Тимур Пулатов - Плавающая Евразия
Магнитофон в руках синьоры Буффони, в нетерпении снующей взад-вперед в запертой передней, свистнул и заглушил последние слова судьи.
В следующее мгновение судья и двое ее заседателей, опрокинув стол, уже бежали к "тоёте", одиноко стоящей на площадке. Открыв капот, засунули что-то туда и отошли к пальме, чтобы наблюдать.
Секретарь Ибн-Муддафи появился снаружи, открыл дверь ключом и, щелкнув пальцами, дал понять синьоре Буффони, что она свободна.
Синьора Буффони, не теряя ни минуты, настроила магнитофон и, направляясь к машине, на ходу стала передавать в редакцию свой репортаж:
- Внимание! Название репортажа "Хобби бедуина"... Не слышу! Это "Нью-Йорк - Бостон - Чикаго. Гэб-блэб"? Тьфу, дьявол! Не слышу!
Сколько? Миллион долларов? О'кэй!
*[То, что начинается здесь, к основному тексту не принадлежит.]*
(* Let $\mathcal{T}$ be a decision tree of depth $T$ whose edges are colored red and black such that every node has at most one outgoing black edge (edge to a child), and let $G$ be the maximum number of red edges on a root-to-leaf path. Then $\mathsf{WDT}(\mathcal{T})\le 3\sqrt{GT}$.
   Context: A decision tree is a finite rooted tree whose internal nodes each query a coordinate of the input (over a finite alphabet) and whose children correspond to distinct query outcomes; leaves carry outputs; its depth is the maximum number of edges on a root-to-leaf path. A weighting scheme for $\mathcal{T}$ is $w:V\to\mathbb{R}_{\ge0}$ such that $w_v=0$ for all leaves and, for every internal node $v$ with children $C_v$, there exist positive semidefinite $X,Y\in\mathbb{C}^{C_v\times C_v}$ with $X[c_1,c_2]-Y[c_1,c_2]=1$ for all distinct $c_1,c_2\in C_v$ and $w_v-w_c\ge X[c,c]+Y[c,c]$ for all $c\in C_v$. $\mathsf{WDT}(\mathcal{T})$ is the minimum of $w_{\mathrm{root}}$ over all weighting schemes. *)

theory Defs
  imports "HOL-Analysis.Analysis"
begin

text \<open>An internal node queries input coordinate
  (a nat) and has a list of children, each labelled by the query outcome
  (of the alphabet type 'a) and by the colour of the edge to that child
  (True = black, False = red).\<close>

datatype ('a, 'o) dtree =
    Leaf 'o
  | Query nat "('a \<times> bool \<times> ('a, 'o) dtree) list"

fun children :: "('a, 'o) dtree \<Rightarrow> ('a \<times> bool \<times> ('a, 'o) dtree) list" where
  "children (Leaf _) = []"
| "children (Query _ cs) = cs"

fun is_leaf :: "('a, 'o) dtree \<Rightarrow> bool" where
  "is_leaf (Leaf _) = True"
| "is_leaf (Query _ _) = False"

fun wf_dtree :: "('a, 'o) dtree \<Rightarrow> bool" where
  "wf_dtree (Leaf _) = True"
| "wf_dtree (Query _ cs) =
     (cs \<noteq> [] \<and> distinct (map fst cs) \<and> (\<forall>c \<in> set cs. wf_dtree (snd (snd c))))"

fun at_most_one_black :: "('a, 'o) dtree \<Rightarrow> bool" where
  "at_most_one_black (Leaf _) = True"
| "at_most_one_black (Query _ cs) =
     (length (filter (\<lambda>c. fst (snd c)) cs) \<le> 1 \<and> (\<forall>c \<in> set cs. at_most_one_black (snd (snd c))))"

fun depth :: "('a, 'o) dtree \<Rightarrow> nat" where
  "depth (Leaf _) = 0"
| "depth (Query _ cs) = Max (insert 0 ((\<lambda>c. Suc (depth (snd (snd c)))) ` set cs))"

fun red_depth :: "('a, 'o) dtree \<Rightarrow> nat" where
  "red_depth (Leaf _) = 0"
| "red_depth (Query _ cs) =
     Max (insert 0 ((\<lambda>c. (if fst (snd c) then 0 else 1) + red_depth (snd (snd c))) ` set cs))"

fun node_at :: "('a, 'o) dtree \<Rightarrow> nat list \<Rightarrow> ('a, 'o) dtree option" where
  "node_at t [] = Some t"
| "node_at t (i # p) =
     (if i < length (children t) then node_at (snd (snd (children t ! i))) p else None)"

definition positions :: "('a, 'o) dtree \<Rightarrow> nat list set" where
  "positions t = {p. node_at t p \<noteq> None}"

definition psd :: "nat \<Rightarrow> (nat \<Rightarrow> nat \<Rightarrow> complex) \<Rightarrow> bool" where
  "psd k X \<longleftrightarrow>
     (\<forall>i<k. \<forall>j<k. X i j = cnj (X j i)) \<and>
     (\<forall>v :: nat \<Rightarrow> complex. 0 \<le> Re (\<Sum>i<k. \<Sum>j<k. cnj (v i) * X i j * v j))"

definition weighting_scheme :: "('a, 'o) dtree \<Rightarrow> (nat list \<Rightarrow> real) \<Rightarrow> bool" where
  "weighting_scheme t w \<longleftrightarrow>
     (\<forall>p \<in> positions t. 0 \<le> w p) \<and>
     (\<forall>p \<in> positions t. is_leaf (the (node_at t p)) \<longrightarrow> w p = 0) \<and>
     (\<forall>p \<in> positions t. \<not> is_leaf (the (node_at t p)) \<longrightarrow>
        (let k = length (children (the (node_at t p))) in
         \<exists>X Y. psd k X \<and> psd k Y \<and>
           (\<forall>c1<k. \<forall>c2<k. c1 \<noteq> c2 \<longrightarrow> X c1 c2 - Y c1 c2 = 1) \<and>
           (\<forall>c<k. w p - w (p @ [c]) \<ge> Re (X c c + Y c c))))"

definition WDT :: "('a, 'o) dtree \<Rightarrow> real" where
  "WDT t = Inf {w [] | w. weighting_scheme t w}"

end

theory Submission
  imports Defs
begin

(* For a parameter 0 < s <= 1 charge s for a black edge and 2/s - 1 for a red edge, and
   weight every node by the largest total charge on a path from it down to a leaf.
   At a node with at most one black outgoing edge the rank-one matrices X = f f* and
   Y = g g*, where f = sqrt s, g = 0 on the black child and f = 1/sqrt s,
   g = sqrt (1/s - 1) on the red children, satisfy X - Y = 1 off the diagonal and
   X + Y = charge on the diagonal; so these weights form a weighting scheme.
   Its root weight is at most s T + (2/s - 1 - s) G, and the choice s = sqrt (2G/T)
   (s = 1 if 2G > T, s -> 0 if G = 0) makes this at most 3 sqrt (GT). *)

definition edge_cost :: "real \<Rightarrow> bool \<Rightarrow> real" where
  "edge_cost s black = (if black then s else 2 / s - 1)"

fun max_path_cost :: "real \<Rightarrow> ('a, 'o) dtree \<Rightarrow> real" where
  "max_path_cost s (Leaf _) = 0"
| "max_path_cost s (Query _ cs) =
     Max (insert 0 ((\<lambda>c. edge_cost s (fst (snd c)) + max_path_cost s (snd (snd c))) ` set cs))"

lemma max_path_cost_nonneg: "0 \<le> max_path_cost s t"
  by (cases t) auto

lemma max_path_cost_Query_ge:
  "c \<in> set cs \<Longrightarrow>
     edge_cost s (fst (snd c)) + max_path_cost s (snd (snd c)) \<le> max_path_cost s (Query q cs)"
  by (auto intro: Max_ge)

lemma depth_Query_ge: "c \<in> set cs \<Longrightarrow> Suc (depth (snd (snd c))) \<le> depth (Query q cs)"
  by (auto intro: Max_ge)

lemma red_depth_Query_ge:
  "c \<in> set cs \<Longrightarrow>
     (if fst (snd c) then 0 else 1) + red_depth (snd (snd c)) \<le> red_depth (Query q cs)"
  by (auto intro: Max_ge)

lemma edge_cost_eq:
  "edge_cost s black = s + (2 / s - 1 - s) * (if black then 0 else 1)"
  by (simp add: edge_cost_def)

lemma red_surcharge_nonneg:
  fixes s :: real
  assumes "0 < s" "s \<le> 1"
  shows "0 \<le> 2 / s - 1 - s"
proof -
  have "s * s \<le> 2 - s" using assms mult_left_le[of s s] by linarith
  then show ?thesis using assms by (simp add: field_simps)
qed

lemma max_path_cost_le:
  fixes s :: real
  assumes "0 < s" "s \<le> 1"
  shows "max_path_cost s t \<le> s * depth t + (2 / s - 1 - s) * red_depth t"
proof (induction t)
  case (Leaf x)
  then show ?case by simp
next
  case (Query q cs)
  define a where "a = 2 / s - 1 - s"
  have a: "0 \<le> a" unfolding a_def using red_surcharge_nonneg[OF assms] .
  have "edge_cost s (fst (snd c)) + max_path_cost s (snd (snd c))
          \<le> s * depth (Query q cs) + a * red_depth (Query q cs)"
    if c: "c \<in> set cs" for c
  proof -
    let ?r = "if fst (snd c) then 0 else 1 :: nat"
    have "max_path_cost s (snd (snd c)) \<le> s * depth (snd (snd c)) + a * red_depth (snd (snd c))"
      using Query.IH[OF c] unfolding a_def by (metis snds.intros prod.collapse)
    then have "edge_cost s (fst (snd c)) + max_path_cost s (snd (snd c))
                 \<le> s * Suc (depth (snd (snd c))) + a * (?r + red_depth (snd (snd c)))"
      unfolding edge_cost_eq a_def[symmetric] by (simp add: algebra_simps)
    also have "\<dots> \<le> s * depth (Query q cs) + a * red_depth (Query q cs)"
      using depth_Query_ge[OF c, of q] red_depth_Query_ge[OF c, of q] a assms
      by (intro add_mono mult_left_mono) auto
    finally show ?thesis .
  qed
  moreover have "0 \<le> s * depth (Query q cs) + a * red_depth (Query q cs)"
    using a assms by simp
  ultimately show ?case
    unfolding max_path_cost.simps a_def[symmetric] by (subst Max_le_iff) auto
qed

lemma psd_outer_product: "psd k (\<lambda>i j. f i * cnj (f j))"
  unfolding psd_def
proof (intro conjI allI impI)
  fix v :: "nat \<Rightarrow> complex"
  let ?z = "\<Sum>i<k. cnj (v i) * f i"
  have "(\<Sum>i<k. \<Sum>j<k. cnj (v i) * (f i * cnj (f j)) * v j) = ?z * cnj ?z"
    by (simp add: sum_product mult_ac)
  then show "0 \<le> Re (\<Sum>i<k. \<Sum>j<k. cnj (v i) * (f i * cnj (f j)) * v j)"
    by (simp only: complex_mult_cnj) simp
qed simp

lemma nth_eq_if_length_filter_le_1:
  assumes "length (filter P xs) \<le> 1" "i < length xs" "j < length xs" "P (xs ! i)" "P (xs ! j)"
  shows "i = j"
proof (rule ccontr)
  assume "i \<noteq> j"
  have "card {i, j} \<le> card {i. i < length xs \<and> P (xs ! i)}"
    using assms by (intro card_mono) auto
  then show False using assms \<open>i \<noteq> j\<close> by (simp add: length_filter_conv_card)
qed

lemma edge_cost_psd_decomposition:
  fixes s :: real and bs :: "bool list"
  assumes s: "0 < s" "s \<le> 1" and one_black: "length (filter id bs) \<le> 1"
  shows "\<exists>X Y. psd (length bs) X \<and> psd (length bs) Y \<and>
           (\<forall>c1<length bs. \<forall>c2<length bs. c1 \<noteq> c2 \<longrightarrow> X c1 c2 - Y c1 c2 = 1) \<and>
           (\<forall>c<length bs. Re (X c c + Y c c) = edge_cost s (bs ! c))"
proof -
  define f where "f c = (if bs ! c then sqrt s else 1 / sqrt s)" for c
  define g where "g c = (if bs ! c then 0 else sqrt (1 / s - 1))" for c
  have inv_s: "1 \<le> 1 / s" "1 / sqrt s * (1 / sqrt s) = 1 / s"
    using s by (simp_all add: real_sqrt_mult[symmetric])
  have off_diagonal: "f c1 * f c2 - g c1 * g c2 = 1"
    if "c1 < length bs" "c2 < length bs" "c1 \<noteq> c2" for c1 c2
  proof -
    have "\<not> (bs ! c1 \<and> bs ! c2)"
      using nth_eq_if_length_filter_le_1[OF one_black] that by auto
    then show ?thesis
      using s inv_s unfolding f_def g_def by (auto simp: mult.commute)
  qed
  have diagonal: "f c * f c + g c * g c = edge_cost s (bs ! c)" for c
    using s inv_s unfolding f_def g_def edge_cost_def by auto
  show ?thesis
    by (intro exI[of _ "\<lambda>i j. of_real (f i) * cnj (of_real (f j))"]
        exI[of _ "\<lambda>i j. of_real (g i) * cnj (of_real (g j))"] conjI allI impI psd_outer_product)
      (simp_all add: diagonal off_diagonal flip: of_real_mult of_real_diff)
qed

lemma node_at_append:
  "node_at t (p @ q) = (case node_at t p of None \<Rightarrow> None | Some n \<Rightarrow> node_at n q)"
  by (induction p arbitrary: t) auto

lemma at_most_one_black_node_at:
  "at_most_one_black t \<Longrightarrow> node_at t p = Some n \<Longrightarrow> at_most_one_black n"
proof (induction p arbitrary: t)
  case (Cons i p)
  then show ?case
    by (cases t) (auto split: if_splits dest: nth_mem)
qed simp

lemma weighting_scheme_max_path_cost:
  fixes s :: real
  assumes s: "0 < s" "s \<le> 1" and "at_most_one_black t"
  shows "weighting_scheme t (\<lambda>p. max_path_cost s (the (node_at t p)))"
  unfolding weighting_scheme_def
proof (intro conjI ballI impI)
  fix p assume "p \<in> positions t" "is_leaf (the (node_at t p))"
  then show "max_path_cost s (the (node_at t p)) = 0"
    by (cases "the (node_at t p)") auto
next
  fix p assume "p \<in> positions t" "\<not> is_leaf (the (node_at t p))"
  then obtain q cs where node: "node_at t p = Some (Query q cs)"
    unfolding positions_def by (cases "the (node_at t p)") auto
  let ?bs = "map (fst \<circ> snd) cs"
  have "at_most_one_black (Query q cs)"
    using at_most_one_black_node_at[OF \<open>at_most_one_black t\<close> node] .
  then have "length (filter id ?bs) \<le> 1"
    by (simp add: filter_map length_filter_conv_card comp_def)
  then obtain X Y where psd: "psd (length cs) X" "psd (length cs) Y"
    and off_diagonal: "\<forall>c1<length cs. \<forall>c2<length cs. c1 \<noteq> c2 \<longrightarrow> X c1 c2 - Y c1 c2 = 1"
    and diagonal: "\<forall>c<length cs. Re (X c c + Y c c) = edge_cost s (fst (snd (cs ! c)))"
    using edge_cost_psd_decomposition[OF s, of ?bs] by auto
  have "Re (X c c + Y c c) \<le>
      max_path_cost s (Query q cs) - max_path_cost s (the (node_at t (p @ [c])))"
    if "c < length cs" for c
    using diagonal max_path_cost_Query_ge[OF nth_mem[OF that], of s q] that node
    by (simp add: node_at_append del: max_path_cost.simps)
  with psd off_diagonal show "let k = length (children (the (node_at t p))) in
      \<exists>X Y. psd k X \<and> psd k Y \<and> (\<forall>c1<k. \<forall>c2<k. c1 \<noteq> c2 \<longrightarrow> X c1 c2 - Y c1 c2 = 1) \<and>
        (\<forall>c<k. max_path_cost s (the (node_at t p)) - max_path_cost s (the (node_at t (p @ [c])))
                 \<ge> Re (X c c + Y c c))"
    unfolding node Let_def children.simps option.sel by blast
qed (rule max_path_cost_nonneg)

lemma WDT_le_weighting_scheme: "weighting_scheme t w \<Longrightarrow> WDT t \<le> w []"
  unfolding WDT_def
proof (rule cInf_lower)
  have "[] \<in> positions t" by (simp add: positions_def)
  then show "bdd_below {w [] | w. weighting_scheme t w}"
    by (auto simp: bdd_below_def weighting_scheme_def)
qed auto

lemma WDT_le_depth_red_depth:
  fixes s :: real
  assumes "0 < s" "s \<le> 1" "at_most_one_black t"
  shows "WDT t \<le> s * depth t + (2 / s - 1 - s) * red_depth t"
  using WDT_le_weighting_scheme[OF weighting_scheme_max_path_cost[OF assms]]
    max_path_cost_le[OF assms(1,2), of t]
  by simp

lemma param_bound_le_3_sqrt:
  fixes G T :: real
  assumes "0 < G" "0 \<le> T"
  shows "\<exists>s. 0 < s \<and> s \<le> 1 \<and> s * T + (2 / s - 1 - s) * G \<le> 3 * sqrt (G * T)"
proof (cases "2 * G \<le> T")
  case True
  define s where "s = sqrt (2 * G / T)"
  have "0 < T" using True assms by linarith
  then have s: "0 < s" "s \<le> 1" "s * s * T = 2 * G"
    using True assms by (simp_all add: s_def)
  have "s * T + (2 / s - 1 - s) * G \<le> s * T + 2 * G / s"
    using s assms by (simp add: algebra_simps)
  also have "\<dots> = sqrt (8 * (G * T))"
  proof (rule real_sqrt_unique[symmetric])
    show "(s * T + 2 * G / s)\<^sup>2 = 8 * (G * T)"
      using s by (simp add: power2_eq_square field_simps flip: s(3))
  qed (use s \<open>0 < T\<close> assms in simp)
  also have "\<dots> \<le> sqrt (9 * (G * T))"
    using assms by (intro real_sqrt_le_mono) simp
  also have "\<dots> = 3 * sqrt (G * T)"
    by (simp add: real_sqrt_mult)
  finally show ?thesis using s by blast
next
  case False
  have "T = sqrt (T * T)" using assms by simp
  also have "\<dots> \<le> sqrt (9 * (G * T))"
    using False assms mult_right_mono[of T "2 * G" T] mult_nonneg_nonneg[of G T]
    by (intro real_sqrt_le_mono) linarith
  finally show ?thesis
    by (intro exI[of _ 1]) (simp add: real_sqrt_mult)
qed

lemma le_3_sqrt_if_param_bound:
  fixes x G T :: real
  assumes "0 \<le> G" "0 \<le> T"
    and bound: "\<And>s. 0 < s \<Longrightarrow> s \<le> 1 \<Longrightarrow> x \<le> s * T + (2 / s - 1 - s) * G"
  shows "x \<le> 3 * sqrt (G * T)"
proof (cases "G = 0")
  case True
  have "x \<le> 0 + e" if "0 < e" for e
  proof -
    define s where "s = min 1 (e / (T + 1))"
    have "0 < s" "s \<le> 1" using that assms by (simp_all add: s_def)
    have "s * T \<le> e / (T + 1) * (T + 1)"
      using assms \<open>0 < s\<close> by (intro mult_mono) (auto simp: s_def)
    then show ?thesis
      using bound[OF \<open>0 < s\<close> \<open>s \<le> 1\<close>] True assms by simp
  qed
  then show ?thesis using True by (simp add: field_le_epsilon)
next
  case False
  then obtain s where "0 < s" "s \<le> 1" "s * T + (2 / s - 1 - s) * G \<le> 3 * sqrt (G * T)"
    using param_bound_le_3_sqrt assms by (metis less_eq_real_def)
  then show ?thesis using bound by fastforce
qed

theorem theorem6p4:
  fixes t :: "('a, 'o) dtree"
  assumes "wf_dtree t"
    and "at_most_one_black t"
  shows "WDT t \<le> 3 * sqrt (real (red_depth t) * real (depth t))"
  using le_3_sqrt_if_param_bound WDT_le_depth_red_depth[OF _ _ assms(2)] by simp

end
Продаю репортаж "Нью-Йорк - Бостон Чикаго..." - Синьора открыла дверцу машины, села, повернула ключ... и раздался такой взрыв... за считанные секунды куски разорванного тела, части машины, пишущий магнитофон поднялись к чертям, где висели, наблюдая за картиной, Нахангов с Давлятовым, и полетели мимо них в бездну...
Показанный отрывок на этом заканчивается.